Prompt:
As soon as the line containing "I \<Longrightarrow> 0" appears in the material below, start returning lines exactly, and end with the line containing "using delay[OF i]".

......

(* In the setting below, with $Q=L/\mu$, suppose $0<\eta\le\frac{1}{L(K+1)}$, let $a\ge2$ be an integer and set $\epsilon_i=2\eta L(\eta KL)^{i-1}$ for $i\ge 1$. Then for every integer $k\ge aK+1$, \[ \Big(1+\eta\frac{\mu}{8}\Big)F_{k+1}\le\Big(1-\sum_{i=1}^{a-1}\epsilon_i\Big)F_k+\sum_{i=1}^{a-1}\epsilon_i F_{k-iK}+4KQ\,\epsilon_{a-1}\sum_{j=k-aK}^{k}F_j . \]
   Context: Let $m,n\ge 1$ be integers and $\|\cdot\|$ the Euclidean norm on $\mathbb{R}^n$. For $i=1,\dots,m$, let $f_i:\mathbb{R}^n\to\mathbb{R}$ be continuously differentiable with $\|\nabla f_i(x)-\nabla f_i(y)\|\le L_i\|x-y\|$ for all $x,y$, where $L_i\ge 0$ (the $f_i$ are not assumed convex). Let $f=\frac1m\sum_{i=1}^m f_i$ and $L=\frac1m\sum_{i=1}^m L_i$. Assume $f$ is $\mu$-strongly convex for some $\mu>0$ (i.e. $x\mapsto f(x)-\frac{\mu}{2}\|x\|^2$ is convex). Let $r:\mathbb{R}^n\to(-\infty,\infty]$ be proper, closed and convex, let $F=f+r$, and let $x^*$ be the unique minimizer of $F$. For $\eta>0$ define $\mathrm{prox}_r^\eta(y)=\arg\min_{x\in\mathbb{R}^n}\{\frac12\|x-y\|^2+\eta r(x)\}$. PIAG method: fix an integer $K\ge 0$, a step size $\eta>0$ and $x_0\in\mathbb{R}^n$; for each $k\ge0$ and each $i$ let $\tau_{i,k}$ be any (deterministically chosen) integer with $\max(k-K,0)\le\tau_{i,k}\le k$; set $g_k=\frac1m\sum_{i=1}^m\nabla f_i(x_{\tau_{i,k}})$ and $x_{k+1}=\mathrm{prox}_r^\eta(x_k-\eta g_k)$. Define $F_k=F(x_k)-F(x^* )$. *)

theory Defs
  imports "HOL-Analysis.Analysis"
begin

definition proper_closed_convex :: "('a::real_normed_vector \<Rightarrow> ereal) \<Rightarrow> bool" where
  "proper_closed_convex r \<longleftrightarrow>
     (\<forall>x. r x \<noteq> -\<infinity>) \<and> (\<exists>x. r x \<noteq> \<infinity>) \<and>
     convex {(x, t::real). r x \<le> ereal t} \<and> closed {(x, t::real). r x \<le> ereal t}"

definition is_prox :: "('a::real_normed_vector \<Rightarrow> ereal) \<Rightarrow> real \<Rightarrow> 'a \<Rightarrow> 'a \<Rightarrow> bool" where
  "is_prox r \<eta> v y \<longleftrightarrow>
     (\<forall>x. ereal (norm (y - v)^2 / 2) + ereal \<eta> * r y \<le> ereal (norm (x - v)^2 / 2) + ereal \<eta> * r x)"

end

theory Submission
  imports Defs
begin

text \<open>Each PIAG step is a proximal gradient step whose gradient is at most K iterations stale,
  and the staleness error is controlled by the lengths of the last K steps. The proximal
  optimality condition then gives sufficient decrease: F_j - F_{j+1} is at least the squared step
  over 2\<eta> minus L/2 times the energy of the preceding K steps. Combined with strong convexity
  it also gives the contraction (1 + \<eta>\<mu>/8) F_{k+1} \<le> F_k + L times that energy. Summing the
  decrease estimate over windows of iK steps and weighting by \<epsilon>_i, the energies of consecutive
  windows cancel, and the energy of the remaining window of aK steps is bounded through the
  quadratic growth \<mu>/2 ||x_j - x*||^2 \<le> F_j.\<close>

lemma nonpos_if_le_scaled:
  fixes c d :: real
  assumes "\<And>t. 0 < t \<Longrightarrow> t < 1 \<Longrightarrow> c \<le> t * d"
  shows "c \<le> 0"
proof (rule field_le_epsilon)
  fix e :: real assume "0 < e"
  define t where "t = min (1/2) (e / (\<bar>d\<bar> + 1))"
  have t: "0 < t" "t < 1" using \<open>0 < e\<close> by (auto simp: t_def)
  have "t * d \<le> t * \<bar>d\<bar>" using t by (simp add: mult_left_mono)
  also have "\<dots> \<le> e / (\<bar>d\<bar> + 1) * (\<bar>d\<bar> + 1)"
    using t by (intro mult_mono) (auto simp: t_def)
  finally show "c \<le> 0 + e" using assms[OF t] by simp
qed

lemma square_sum_le:
  fixes a b :: real
  shows "(a + b)^2 \<le> 2 * a^2 + 2 * b^2"
proof -
  have "0 \<le> (a - b)^2" by simp
  thus ?thesis by (simp add: power2_eq_square algebra_simps)
qed

lemma norm_convex_combination_sq:
  fixes a b :: "'a::real_inner"
  shows "norm ((1-t) *\<^sub>R a + t *\<^sub>R b) ^ 2
     = (1-t) * norm a ^ 2 + t * norm b ^ 2 - t * (1-t) * norm (a - b) ^ 2"
  by (simp add: power2_norm_eq_inner inner_add_left inner_add_right inner_diff_left inner_diff_right
      inner_commute algebra_simps)

lemma norm_add_scaleR_sq:
  fixes u w :: "'a::real_inner"
  shows "norm (u + t *\<^sub>R w) ^ 2 = norm u ^ 2 + 2 * t * (u \<bullet> w) + t^2 * norm w ^ 2"
  unfolding power2_norm_eq_inner
  by (simp add: inner_add_left inner_add_right inner_commute power2_eq_square algebra_simps)

lemma sum_sliding_window_le:
  fixes E :: "nat \<Rightarrow> real"
  assumes E: "\<And>l. 0 \<le> E l"
  shows "(\<Sum>j\<in>{p..<q}. \<Sum>l\<in>{j-K..<j}. E l) \<le> real K * (\<Sum>l\<in>{p-K..<q}. E l)"
proof -
  have "(\<Sum>j\<in>{p..<q}. \<Sum>l\<in>{j-K..<j}. E l)
      = (\<Sum>j\<in>{p..<q}. \<Sum>l\<in>{l\<in>{p-K..<q}. j-K \<le> l \<and> l < j}. E l)"
    by (intro sum.cong refl arg_cong2[where f=sum]) auto
  also have "\<dots> = (\<Sum>l\<in>{p-K..<q}. \<Sum>j\<in>{j\<in>{p..<q}. j-K \<le> l \<and> l < j}. E l)"
    by (rule sum.swap_restrict) auto
  also have "\<dots> = (\<Sum>l\<in>{p-K..<q}. real (card {j\<in>{p..<q}. j-K \<le> l \<and> l < j}) * E l)"
    by simp
  also have "\<dots> \<le> (\<Sum>l\<in>{p-K..<q}. real K * E l)"
  proof (rule sum_mono)
    fix l
    have "{j\<in>{p..<q}. j-K \<le> l \<and> l < j} \<subseteq> {Suc l..<Suc l + K}" by auto
    hence "card {j\<in>{p..<q}. j-K \<le> l \<and> l < j} \<le> K"
      by (metis card_atLeastLessThan card_mono diff_add_inverse finite_atLeastLessThan)
    thus "real (card {j\<in>{p..<q}. j-K \<le> l \<and> l < j}) * E l \<le> real K * E l"
      using E[of l] by (intro mult_right_mono) auto
  qed
  finally show ?thesis by (simp add: sum_distrib_left)
qed

lemma norm_diff_le_recent_steps:
  fixes x :: "nat \<Rightarrow> 'a::real_normed_vector"
  assumes "j - K \<le> t" "t \<le> j"
  shows "norm (x j - x t) \<le> (\<Sum>l\<in>{j-K..<j}. norm (x (Suc l) - x l))"
proof -
  have "norm (x j - x t) = norm (\<Sum>l = t..<j. x (Suc l) - x l)"
    using assms by (simp add: sum_Suc_diff')
  also have "\<dots> \<le> (\<Sum>l = t..<j. norm (x (Suc l) - x l))" by (rule norm_sum)
  also have "\<dots> \<le> (\<Sum>l\<in>{j-K..<j}. norm (x (Suc l) - x l))"
    by (rule sum_mono2) (use assms in auto)
  finally show ?thesis .
qed

lemma has_derivative_average:
  assumes "\<And>i. i \<in> I \<Longrightarrow> (\<phi> i has_derivative (\<lambda>h. D i \<bullet> h)) (at y)"
  shows "((\<lambda>y. (\<Sum>i\<in>I. \<phi> i y) / real (card I))
           has_derivative (\<lambda>h. ((\<Sum>i\<in>I. D i) /\<^sub>R real (card I)) \<bullet> h)) (at y)"
proof -
  have "((\<lambda>y. inverse (real (card I)) * (\<Sum>i\<in>I. \<phi> i y))
          has_derivative (\<lambda>h. inverse (real (card I)) * (\<Sum>i\<in>I. D i \<bullet> h))) (at y)"
    by (intro has_derivative_mult_right has_derivative_sum assms)
  thus ?thesis by (simp add: field_simps inner_sum_left)
qed

lemma norm_average_diff_le:
  fixes u v :: "'i \<Rightarrow> 'a::real_normed_vector"
  assumes "\<And>i. i \<in> I \<Longrightarrow> norm (u i - v i) \<le> c i * d"
  shows "norm ((\<Sum>i\<in>I. u i) /\<^sub>R real (card I) - (\<Sum>i\<in>I. v i) /\<^sub>R real (card I))
           \<le> (\<Sum>i\<in>I. c i) / real (card I) * d"
proof -
  have "norm ((\<Sum>i\<in>I. u i) /\<^sub>R real (card I) - (\<Sum>i\<in>I. v i) /\<^sub>R real (card I))
      = norm (\<Sum>i\<in>I. u i - v i) / real (card I)"
    by (simp add: sum_subtractf flip: scaleR_diff_right) (simp add: divide_inverse_commute)
  also have "\<dots> \<le> (\<Sum>i\<in>I. c i * d) / real (card I)"
    by (intro divide_right_mono order.trans[OF norm_sum] sum_mono assms) auto
  finally show ?thesis by (simp add: sum_distrib_right)
qed

lemma norm_delayed_average_diff_le:
  fixes x :: "nat \<Rightarrow> 'a::real_normed_vector"
  assumes lip: "\<And>i y z. i \<in> I \<Longrightarrow> norm (D i y - D i z) \<le> c i * norm (y - z)"
    and c_nonneg: "\<And>i. i \<in> I \<Longrightarrow> 0 \<le> c i"
    and delay: "\<And>i. i \<in> I \<Longrightarrow> j - K \<le> \<tau> i \<and> \<tau> i \<le> j"
  shows "norm ((\<Sum>i\<in>I. D i (x (\<tau> i))) /\<^sub>R real (card I) - (\<Sum>i\<in>I. D i u) /\<^sub>R real (card I))
           \<le> (\<Sum>i\<in>I. c i) / real (card I) * ((\<Sum>l\<in>{j-K..<j}. norm (x (Suc l) - x l)) + norm (x j - u))"
proof (rule norm_average_diff_le)
  fix i assume i: "i \<in> I"
  have "norm (x (\<tau> i) - u) \<le> norm (x j - x (\<tau> i)) + norm (x j - u)"
    by (rule norm_diff_triangle_le[of _ "x j"]) (auto simp: norm_minus_commute)
  also have "\<dots> \<le> (\<Sum>l\<in>{j-K..<j}. norm (x (Suc l) - x l)) + norm (x j - u)"
    using delay[OF i] by (simp add: norm_diff_le_recent_steps)
  finally show "norm (D i (x (\<tau> i)) - D i u)
                  \<le> c i * ((\<Sum>l\<in>{j-K..<j}. norm (x (Suc l) - x l)) + norm (x j - u))"
    using lip[OF i] c_nonneg[OF i] by (meson mult_left_mono order.trans)
qed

......

Written answer:
    and c_nonneg: "\<And>i. i \<in> I \<Longrightarrow> 0 \<le> c i"
    and delay: "\<And>i. i \<in> I \<Longrightarrow> j - K \<le> \<tau> i \<and> \<tau> i \<le> j"
  shows "norm ((\<Sum>i\<in>I. D i (x (\<tau> i))) /\<^sub>R real (card I) - (\<Sum>i\<in>I. D i u) /\<^sub>R real (card I))
           \<le> (\<Sum>i\<in>I. c i) / real (card I) * ((\<Sum>l\<in>{j-K..<j}. norm (x (Suc l) - x l)) + norm (x j - u))"
proof (rule norm_average_diff_le)
  fix i assume i: "i \<in> I"
  have "norm (x (\<tau> i) - u) \<le> norm (x j - x (\<tau> i)) + norm (x j - u)"
    by (rule norm_diff_triangle_le[of _ "x j"]) (auto simp: norm_minus_commute)
  also have "\<dots> \<le> (\<Sum>l\<in>{j-K..<j}. norm (x (Suc l) - x l)) + norm (x j - u)"
    using delay[OF i] by (simp add: norm_diff_le_recent_steps)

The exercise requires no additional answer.